[Dataset records]
· · · ·
(* Let $A$ be a Noetherian commutative ring with identity, let $A[\mathbf{x}]=A[x_1,\ldots,x_n]$ be equipped with a monomial order, let $I\subset A[\mathbf{x}]$ be an ideal, let $q\subset A$ be an isolated primary component of $I\cap A$ (i.e. a primary component whose associated prime is a minimal prime of $I\cap A$), and let $p\subset A$ be its associated minimal prime. Define $B=A_p/q_p$. Then $$\mathrm{in}(I)\,B[\mathbf{x}]=\mathrm{in}(I\,B[\mathbf{x}]).$$
   Context: A monomial order $>$ is a total order on monomials such that $\mathbf{x}^E>\mathbf{x}^F$ implies $\mathbf{x}^G\mathbf{x}^E>\mathbf{x}^G\mathbf{x}^F$, and $x_i>1$ for each $i$; the same order is used over $B$. $\mathrm{in}(f)$ is the greatest term $c\,\mathbf{x}^E$ ($c\neq0$) of a nonzero polynomial $f$; $\mathrm{in}(I)$ is the ideal generated by all $\mathrm{in}(f)$, $f\in I$. $K\,B[\mathbf{x}]$ denotes the ideal of $B[\mathbf{x}]$ generated by the image of $K\subset A[\mathbf{x}]$ under the natural map $A\to B$ applied to coefficients. *)

theory Defs
  imports "HOL-Algebra.QuotRing" "HOL-Algebra.Ring_Divisibility" "HOL-Library.Function_Algebras"
begin

text \<open>Exponent vectors are functions nat => nat vanishing outside {0..<n};
  a polynomial is a finitely supported coefficient function on them.\<close>

definition monoms :: "nat \<Rightarrow> (nat \<Rightarrow> nat) set" where
  "monoms n = {E. \<forall>i\<ge>n. E i = 0}"

definition mpoly_ring :: "('a, 'm) ring_scheme \<Rightarrow> nat \<Rightarrow> ((nat \<Rightarrow> nat) \<Rightarrow> 'a) ring" where
  "mpoly_ring R n =
     \<lparr> carrier = {f. (\<forall>E. f E \<in> carrier R) \<and> (\<forall>E. E \<notin> monoms n \<longrightarrow> f E = \<zero>\<^bsub>R\<^esub>)
                     \<and> finite {E. f E \<noteq> \<zero>\<^bsub>R\<^esub>}},
       mult = (\<lambda>f g E. if E \<in> monoms n
                               then finsum R (\<lambda>F. f F \<otimes>\<^bsub>R\<^esub> g (E - F)) {F. F \<le> E}
                               else \<zero>\<^bsub>R\<^esub>),
       one = (\<lambda>E. if E = 0 then \<one>\<^bsub>R\<^esub> else \<zero>\<^bsub>R\<^esub>),
       zero = (\<lambda>E. \<zero>\<^bsub>R\<^esub>),
       add = (\<lambda>f g E. f E \<oplus>\<^bsub>R\<^esub> g E) \<rparr>"

definition mpoly_const :: "('a, 'm) ring_scheme \<Rightarrow> 'a \<Rightarrow> (nat \<Rightarrow> nat) \<Rightarrow> 'a" where
  "mpoly_const R a = (\<lambda>E. if E = 0 then a else \<zero>\<^bsub>R\<^esub>)"

text \<open>Contraction I \<inter> A of an ideal of A[x] to A.\<close>
definition contract_const :: "('a, 'm) ring_scheme \<Rightarrow> ((nat \<Rightarrow> nat) \<Rightarrow> 'a) set \<Rightarrow> 'a set" where
  "contract_const R I = {a \<in> carrier R. mpoly_const R a \<in> I}"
· · · ·
→ EXERCISE DIRECTIONS: The line containing "ring_scheme \<Rightarrow> ((nat" marks where to begin; the last line of the records marks where to stop. Copy both and all between, exactly.

→ THE ANSWER:
definition contract_const :: "('a, 'm) ring_scheme \<Rightarrow> ((nat \<Rightarrow> nat) \<Rightarrow> 'a) set \<Rightarrow> 'a set" where
  "contract_const R I = {a \<in> carrier R. mpoly_const R a \<in> I}"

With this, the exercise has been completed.